Otherwise, it would result as:
import os
# from dotenv import load_dotenv
from chromadb.config import Settings
from langchain.document_loaders import CSVLoader, PDFMinerLoader, TextLoader
from xlxs_loader import XLSXLoader
# load_dotenv()
ROOT_DIRECTORY = os.path.dirname(os.path.realpath(__file__))
# Define the folder for storing database
SOURCE_DIRECTORY = f"{ROOT_DIRECTORY}/SOURCE_DOCUMENTS"
PERSIST_DIRECTORY = f"{ROOT_DIRECTORY}/DB"
# Define the Chroma settings
CHROMA_SETTINGS = Settings(
chroma_db_impl='duckdb+parquet',
persist_directory=PERSIST_DIRECTORY,
anonymized_telemetry=False
)
DOCUMENT_MAP = {
".txt": TextLoader,
".pdf": PDFMinerLoader,
".csv": CSVLoader,
".xlxs": XLSXLoader
}
I'm in the middle of merging the conflicts and handling before the commit. I'm just running through my options. I really don't like the above as an option and I'm leaning towards just doing the following instead:
import os
# from dotenv import load_dotenv
from chromadb.config import Settings
# https://python.langchain.com/en/latest/modules/indexes/document_loaders/examples/excel.html?highlight=xlsx#microsoft-excel
from langchain.document_loaders import (
UnstructuredExcelLoader,
CSVLoader,
PDFMinerLoader,
TextLoader,
)
# load_dotenv()
ROOT_DIRECTORY = os.path.dirname(os.path.realpath(__file__))

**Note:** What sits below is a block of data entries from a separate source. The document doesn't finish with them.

(* Let $d\in\mathbb N\cup\{\infty\}$ and let ${\boldsymbol\gamma}$ be product weights, $\gamma_u=\prod_{j\in u}\gamma_j$. Then $(\Delta_v{\boldsymbol\gamma})_u=\gamma_u\prod_{j\in v}(1-\gamma_j)$ for all $u,v\in\mathcal U_d$ with $u\cap v=\emptyset$, and ${\boldsymbol\gamma}\in\mathcal M_d$ if and only if $0\le\gamma_j\le1$ for all $j\in[d]$. If moreover $d=\infty$ and ${\boldsymbol\gamma}\in\mathcal M_d$, then: (a) ${\boldsymbol\gamma}\in\mathcal N_d$ iff $\lim_{j\to\infty}\gamma_j=0$; (b) for any $C>0$, $T^\downarrow_{d,C}{\boldsymbol\gamma}=\mathbf 0$ iff $\sum_{j=1}^\infty\gamma_j=\infty$; (c) ${\boldsymbol\gamma}\in\mathcal A_d$ iff $\sum_{j=1}^\infty\gamma_j<\infty$ iff ${\boldsymbol\gamma}\in\mathcal P_d$.
   Context: Write $[d]=\{1,\dots,d\}$ if $d\in\mathbb N$ and $[d]=\mathbb N$ if $d=\infty$; $[s]=\{1,\dots,s\}$ for $s\in\mathbb N$. Let $\mathcal U_d$ be the set of all finite subsets of $[d]$. Weights are families ${\boldsymbol\gamma}=(\gamma_u)_{u\in\mathcal U_d}$ of non-negative reals ($\mathcal W_d$); inequalities and limits of families are componentwise, $\mathbf 0$ is the zero family. Product weights: $\gamma_u=\prod_{j\in u}\gamma_j$ for a non-increasing sequence $(\gamma_j)_{j\in[d]}$ of non-negative reals, with $\gamma_\emptyset=1$. Difference operator: $(\Delta_v{\boldsymbol\gamma})_u=\sum_{w\subseteq v}(-1)^{|w|}\gamma_{u\cup w}$. $\mathcal M_d$: weights with $\Delta_v{\boldsymbol\gamma}\ge\mathbf 0$ for all $v\in\mathcal U_d$. For $d=\infty$ and $C>0$: $(T^\downarrow_{d,C}{\boldsymbol\gamma})_u=C^{-2|u|}\lim_{s\to\infty}(\Delta_{[s]\setminus u}{\boldsymbol\gamma})_u$ for ${\boldsymbol\gamma}\in\mathcal M_d$; with $\max\emptyset=0$, $\mathcal N_d=\{{\boldsymbol\gamma}\in\mathcal M_d:\gamma_u\to0\text{ as }\max u\to\infty\}$; $\mathcal P_d=\{{\boldsymbol\gamma}\in\mathcal M_d:\sum_{v}\gamma_v<\infty\}$; $\mathcal A_d=\{{\boldsymbol\gamma}\in\mathcal M_d:\lim_{r\to\infty}\lim_{s\to\infty}\Delta_{[s]\setminus[r]}{\boldsymbol\gamma}={\boldsymbol\gamma}\}$. *)

theory Defs
  imports "HOL-Analysis.Analysis" "HOL-Library.Extended_Nat"
begin

definition idx :: "enat \<Rightarrow> nat set" where
  "idx d = {j. 1 \<le> j \<and> enat j \<le> d}"

definition U :: "enat \<Rightarrow> nat set set" where
  "U d = {u. finite u \<and> u \<subseteq> idx d}"

text \<open>Weights are families indexed by U_d; we model them as functions on nat sets,
  only the values on U_d matter.\<close>
definition Wts :: "enat \<Rightarrow> (nat set \<Rightarrow> real) set" where
  "Wts d = {\<gamma>. \<forall>u\<in>U d. 0 \<le> \<gamma> u}"

definition prodw :: "(nat \<Rightarrow> real) \<Rightarrow> nat set \<Rightarrow> real" where
  "prodw g = (\<lambda>u. \<Prod>j\<in>u. g j)"

definition Delta :: "nat set \<Rightarrow> (nat set \<Rightarrow> real) \<Rightarrow> nat set \<Rightarrow> real" where
  "Delta v \<gamma> u = (\<Sum>w\<in>Pow v. (-1) ^ card w * \<gamma> (u \<union> w))"

definition M :: "enat \<Rightarrow> (nat set \<Rightarrow> real) set" where
  "M d = {\<gamma>. \<gamma> \<in> Wts d \<and> (\<forall>v\<in>U d. \<forall>u\<in>U d. 0 \<le> Delta v \<gamma> u)}"

definition Tdown :: "real \<Rightarrow> (nat set \<Rightarrow> real) \<Rightarrow> nat set \<Rightarrow> real" where
  "Tdown C \<gamma> u = (1 / C ^ (2 * card u)) * lim (\<lambda>s. Delta ({1..s} - u) \<gamma> u)"

definition maxu :: "nat set \<Rightarrow> nat" where
  "maxu u = (if u = {} then 0 else Max u)"

definition N :: "enat \<Rightarrow> (nat set \<Rightarrow> real) set" where
  "N d = {\<gamma>. \<gamma> \<in> M d \<and>
      (\<forall>e>0. \<exists>K. \<forall>u\<in>U d. K \<le> maxu u \<longrightarrow> \<bar>\<gamma> u\<bar> < e)}"

definition P :: "enat \<Rightarrow> (nat set \<Rightarrow> real) set" where
  "P d = {\<gamma>. \<gamma> \<in> M d \<and> \<gamma> summable_on U d}"

definition A :: "enat \<Rightarrow> (nat set \<Rightarrow> real) set" where
  "A d = {\<gamma>. \<gamma> \<in> M d \<and>
      (\<forall>u\<in>U d. (\<forall>r. convergent (\<lambda>s. Delta ({1..s} - {1..r}) \<gamma> u)) \<and>
         (\<lambda>r. lim (\<lambda>s. Delta ({1..s} - {1..r}) \<gamma> u)) \<longlonglongrightarrow> \<gamma> u)}"

end

theory Submission
  imports Defs
begin

text \<open>For product weights the difference operator factorises:
  (\<Delta>_v \<gamma>)_u = \<gamma>_u \<Prod>_{j \<in> v} (1 - \<gamma>_j) if u \<inter> v = {}, and it vanishes otherwise.
  For d = \<infinity> all limits occurring in N_d, T_down and A_d therefore reduce to the partial
  products \<Prod>_{j \<in> [s] - w} (1 - \<gamma>_j). These decrease in s; by 1 - x \<le> exp (-x) their limit
  is 0 when \<Sum> \<gamma>_j = \<infinity>, and by Weierstrass' product inequality it is at least
  1 - \<Sum>_{j > r} \<gamma>_j for w = [r]. Summability over U_\<infinity> follows from
  \<Sum>_{u \<subseteq> [n]} \<gamma>_u = \<Prod>_{j \<le> n} (1 + \<gamma>_j), which lies between \<Sum>_{j \<le> n} \<gamma>_j
  and exp (\<Sum>_{j \<le> n} \<gamma>_j).\<close>

lemma Delta_insert:
  assumes "finite v" "j \<notin> v"
  shows "Delta (insert j v) \<gamma> u = Delta v \<gamma> u - Delta v \<gamma> (insert j u)"
proof -
  have inj: "inj_on (insert j) (Pow v)"
    using assms(2) by (auto simp: inj_on_def)
  have card_ins: "card (insert j w) = Suc (card w)" if "w \<in> Pow v" for w
    using that assms by (subst card_insert_disjoint) (auto dest: finite_subset)
  have "Delta (insert j v) \<gamma> u
      = Delta v \<gamma> u + (\<Sum>w\<in>insert j ` Pow v. (-1) ^ card w * \<gamma> (u \<union> w))"
    unfolding Delta_def Pow_insert using assms
    by (subst sum.union_disjoint) auto
  also have "(\<Sum>w\<in>insert j ` Pow v. (-1) ^ card w * \<gamma> (u \<union> w)) = - Delta v \<gamma> (insert j u)"
    unfolding Delta_def sum.reindex[OF inj] sum_negf[symmetric]
    by (intro sum.cong) (auto simp: card_ins)
  finally show ?thesis
    by simp
qed

lemma Delta_eq_0_if_overlap:
  assumes "finite v" "u \<inter> v \<noteq> {}"
  shows "Delta v \<gamma> u = 0"
proof -
  obtain j where j: "j \<in> u" "j \<in> v"
    using assms(2) by blast
  then have "Delta v \<gamma> u = Delta (v - {j}) \<gamma> u - Delta (v - {j}) \<gamma> (insert j u)"
    using Delta_insert[of "v - {j}" j] assms(1) by (simp add: insert_absorb)
  with j show ?thesis
    by (simp add: insert_absorb)
qed

lemma Delta_prodw:
  assumes "finite v" "finite u" "u \<inter> v = {}"
  shows "Delta v (prodw g) u = prodw g u * (\<Prod>j\<in>v. 1 - g j)"
  using assms
proof (induction v arbitrary: u rule: finite_induct)
  case empty
  then show ?case
    by (simp add: Delta_def)
next
  case (insert j v)
  then have "prodw g (insert j u) = g j * prodw g u"
    by (simp add: prodw_def)
  with insert show ?case
    by (simp add: Delta_insert algebra_simps)
qed

lemma prodw_in_M_iff:
  assumes nonneg: "\<forall>j\<in>idx d. 0 \<le> g j"
  shows "prodw g \<in> M d \<longleftrightarrow> (\<forall>j\<in>idx d. 0 \<le> g j \<and> g j \<le> 1)"
proof
  assume M: "prodw g \<in> M d"
  show "\<forall>j\<in>idx d. 0 \<le> g j \<and> g j \<le> 1"
  proof
    fix j assume j: "j \<in> idx d"
    then have "0 \<le> Delta {j} (prodw g) {}"
      using M by (auto simp: M_def U_def)
    also have "Delta {j} (prodw g) {} = 1 - g j"
      using Delta_prodw[of "{j}" "{}" g] by (simp add: prodw_def)
    finally show "0 \<le> g j \<and> g j \<le> 1"
      using nonneg j by auto
  qed
next
  assume g01: "\<forall>j\<in>idx d. 0 \<le> g j \<and> g j \<le> 1"
  have prodw_nonneg: "0 \<le> prodw g u" if "u \<in> U d" for u
    using that g01 by (auto simp: prodw_def U_def intro: prod_nonneg)
  have "0 \<le> Delta v (prodw g) u" if u: "u \<in> U d" and v: "v \<in> U d" for u v
  proof (cases "u \<inter> v = {}")
    case True
    have "0 \<le> (\<Prod>j\<in>v. 1 - g j)"
      using v g01 by (intro prod_nonneg) (auto simp: U_def)
    with prodw_nonneg[OF u] have "0 \<le> prodw g u * (\<Prod>j\<in>v. 1 - g j)"
      by simp
    with True u v show ?thesis
      by (simp add: Delta_prodw U_def)
  next
    case False
    with v show ?thesis
      by (simp add: Delta_eq_0_if_overlap U_def)
  qed
  then show "prodw g \<in> M d"
    using prodw_nonneg by (simp add: M_def Wts_def)
qed

lemma mem_U_infinity: "u \<in> U \<infinity> \<longleftrightarrow> finite u \<and> (\<forall>j\<in>u. 1 \<le> j)"
  by (auto simp: U_def idx_def)

lemma Pow_atLeastAtMost_subset_U_infinity: "Pow {1..n} \<subseteq> U \<infinity>"
proof
  fix u assume "u \<in> Pow {1..n}"
  then show "u \<in> U \<infinity>"
    using finite_subset[of u "{1..n}"] by (auto simp: mem_U_infinity)
qed

definition compl_prod :: "(nat \<Rightarrow> real) \<Rightarrow> nat set \<Rightarrow> nat \<Rightarrow> real" where
  "compl_prod g w s = (\<Prod>j\<in>{1..s} - w. 1 - g j)"

lemma Delta_prodw_compl:
  assumes "finite u" "u \<inter> ({1..s} - w) = {}"
  shows "Delta ({1..s} - w) (prodw g) u = prodw g u * compl_prod g w s"
  using assms by (simp add: Delta_prodw compl_prod_def)

lemma Tdown_prodw:
  assumes "finite u" "compl_prod g u \<longlonglongrightarrow> L"
  shows "Tdown C (prodw g) u = prodw g u * L / C ^ (2 * card u)"
proof -
  have "(\<lambda>s. Delta ({1..s} - u) (prodw g) u) = (\<lambda>s. prodw g u * compl_prod g u s)"
    using assms(1) by (intro ext Delta_prodw_compl) blast+
  also have "\<dots> \<longlonglongrightarrow> prodw g u * L"
    using assms(2) by (rule tendsto_mult_left)
  finally have "lim (\<lambda>s. Delta ({1..s} - u) (prodw g) u) = prodw g u * L"
    by (rule limI)
  then show ?thesis
    by (simp add: Tdown_def)
qed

# Define the folder for storing database
SOURCE_DIRECTORY = f"{ROOT_DIRECTORY}/SOURCE_DOCUMENTS"
PERSIST_DIRECTORY = f"{ROOT_DIRECTORY}/DB"
# Define the Chroma settings
CHROMA_SETTINGS = Settings(
chroma_db_impl='duckdb+parquet',
persist_directory=PERSIST_DIRECTORY,
anonymized_telemetry=False
)
# https://python.langchain.com/en/latest/_modules/langchain/document_loaders/excel.html#UnstructuredExcelLoader
DOCUMENT_MAP = {
".txt": TextLoader,
".pdf": PDFMinerLoader,
".csv": CSVLoader,
".xlxs": UnstructuredExcelLoader
}
The issue with the last example is that it requires langchain
version 0.0.191
, or at least a version that supports UnstructuredExcelLoader
.
I also like the last option. It will be more standardized. We can experiment with 0.0.191
to ensure it doesn't break anything else.
@teleprint-me Thanks for this PR and for adding my requests. Looking forward to your contributions to this project.
The funny part is I can't run the code. My hardware is out of date. 😉😇
I tested it and it worked :)
Is it alright if I use ingest.py
as a basis in other code?
I was able to get ingest.py
to work with CPU. I don't have enough RAM for run_localGPT.py
using the HF models and I can run a GGML 7B model (inference is slow).
If I come up with anything useful that's within scope, I can probably use it as a basis to contribute in the future. It would be cheaper to do local embeddings over using OpenAI Embeddings as well.
Yes, please free to do that. Looking forward to your contribution.